Data for analysis:
lemma linear_map_tlift: assumes phi: "bilinear R M N P \<phi>"
  shows "linear_map R T P (tlift R M N P \<phi>)"
proof -
  have phic: "\<phi> \<in> carrier M \<times> carrier N \<rightarrow> carrier P" using bilinear_closed[OF phi] by auto
  show ?thesis unfolding linear_map_def
  proof (intro conjI ballI)
    show "tlift R M N P \<phi> \<in> carrier T \<rightarrow> carrier P" using tlift_closed[OF _ phic] by auto
  next
    fix X Y assume "X \<in> carrier T" "Y \<in> carrier T"
    then obtain f g where fg: "f \<in> FS" "g \<in> FS" "X = cls f" "Y = cls g" by (metis tensor_carrierE)
    show "tlift R M N P \<phi> (X \<oplus>\<^bsub>T\<^esub> Y) = tlift R M N P \<phi> X \<oplus>\<^bsub>P\<^esub> tlift R M N P \<phi> Y"
      unfolding fg tensor_add_class[OF fg(1,2)] tlift_tensor_class[OF phi free_sums_add[OF fg(1,2)]] tlift_tensor_class[OF phi fg(1)]
        tlift_tensor_class[OF phi fg(2)] by (rule free_lift_add[OF fg(1,2) phic])
  next
    fix a X assume "a \<in> carrier R" "X \<in> carrier T"
    then obtain f where f: "f \<in> FS" "X = cls f" by (metis tensor_carrierE)
    show "tlift R M N P \<phi> (a \<odot>\<^bsub>T\<^esub> X) = a \<odot>\<^bsub>P\<^esub> tlift R M N P \<phi> X"
      unfolding f tensor_smult_class[OF \<open>a \<in> carrier R\<close> f(1)] tlift_tensor_class[OF phi free_sums_smult[OF \<open>a \<in> carrier R\<close> f(1)]]
        tlift_tensor_class[OF phi f(1)] by (rule free_lift_smult[OF \<open>a \<in> carrier R\<close> f(1) phic])
  qed
qed

lemma tlift_cong: assumes "X \<in> carrier T" "\<And>a b. a \<in> carrier M \<Longrightarrow> b \<in> carrier N \<Longrightarrow> \<phi> (a, b) = \<phi>' (a, b)"
   "\<phi>' \<in> carrier M \<times> carrier N \<rightarrow> carrier P"
  shows "tlift R M N P \<phi> X = tlift R M N P \<phi>' X"
proof -
  have "fsupp R (rep X) \<subseteq> carrier M \<times> carrier N" using free_sumsD rep_free_sums assms by auto
  then show ?thesis unfolding tlift_def using assms(2,3) free_sumsD[OF rep_free_sums[OF assms(1)]]
    by (intro P.finsum_cong') (auto simp: Pi_def)
qed

lemma tlift_add_fun:
  assumes "X \<in> carrier T" "\<phi>1 \<in> carrier M \<times> carrier N \<rightarrow> carrier P" "\<phi>2 \<in> carrier M \<times> carrier N \<rightarrow> carrier P"
  shows "tlift R M N P (\<lambda>q. \<phi>1 q \<oplus>\<^bsub>P\<^esub> \<phi>2 q) X = tlift R M N P \<phi>1 X \<oplus>\<^bsub>P\<^esub> tlift R M N P \<phi>2 X"
proof -
  have f: "rep X \<in> FS" by (rule rep_free_sums[OF assms(1)])
  have A: "fsupp R (rep X) \<subseteq> carrier M \<times> carrier N" "finite (fsupp R (rep X))" using free_sumsD[OF f] by auto
  have "tlift R M N P (\<lambda>q. \<phi>1 q \<oplus>\<^bsub>P\<^esub> \<phi>2 q) X =
        (\<Oplus>\<^bsub>P\<^esub>q\<in>fsupp R (rep X). rep X q \<odot>\<^bsub>P\<^esub> \<phi>1 q \<oplus>\<^bsub>P\<^esub> rep X q \<odot>\<^bsub>P\<^esub> \<phi>2 q)"
    unfolding tlift_def using A assms free_sumsD[OF f]
    by (intro P.finsum_cong') (auto simp: Pi_def P.smult_r_distr)
  also have "\<dots> = tlift R M N P \<phi>1 X \<oplus>\<^bsub>P\<^esub> tlift R M N P \<phi>2 X"
    unfolding tlift_def using A assms free_sumsD[OF f] by (intro P.finsum_addf) (auto simp: Pi_def)
  finally show ?thesis .
qed

lemma tlift_smult_fun:
  assumes "X \<in> carrier T" "\<phi> \<in> carrier M \<times> carrier N \<rightarrow> carrier P" "c \<in> carrier R"
  shows "tlift R M N P (\<lambda>q. c \<odot>\<^bsub>P\<^esub> \<phi> q) X = c \<odot>\<^bsub>P\<^esub> tlift R M N P \<phi> X"
proof -
  have f: "rep X \<in> FS" by (rule rep_free_sums[OF assms(1)])
  have A: "fsupp R (rep X) \<subseteq> carrier M \<times> carrier N" "finite (fsupp R (rep X))" using free_sumsD[OF f] by auto
  have "tlift R M N P (\<lambda>q. c \<odot>\<^bsub>P\<^esub> \<phi> q) X =
        (\<Oplus>\<^bsub>P\<^esub>q\<in>fsupp R (rep X). c \<odot>\<^bsub>P\<^esub> (rep X q \<odot>\<^bsub>P\<^esub> \<phi> q))"
    unfolding tlift_def using A assms free_sumsD[OF f]
    by (intro P.finsum_cong') (auto simp: Pi_def P.smult_assoc1[symmetric] R.m_comm)
  also have "\<dots> = c \<odot>\<^bsub>P\<^esub> tlift R M N P \<phi> X"
    unfolding tlift_def using A assms free_sumsD[OF f]
    by (intro P.finsum_smult_ldistr[symmetric]) (auto simp: Pi_def)
  finally show ?thesis .
qed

What is required: Exactly the lines between the one containing "Pi_def P.smult_assoc1[symmetric] R.m_comm)" and the end of the material, both ends included, must be retyped, with nothing added.

Response to the task:
    by (intro P.finsum_cong') (auto simp: Pi_def P.smult_assoc1[symmetric] R.m_comm)
  also have "\<dots> = c \<odot>\<^bsub>P\<^esub> tlift R M N P \<phi> X"
    unfolding tlift_def using A assms free_sumsD[OF f]
    by (intro P.finsum_smult_ldistr[symmetric]) (auto simp: Pi_def)
  finally show ?thesis .
qed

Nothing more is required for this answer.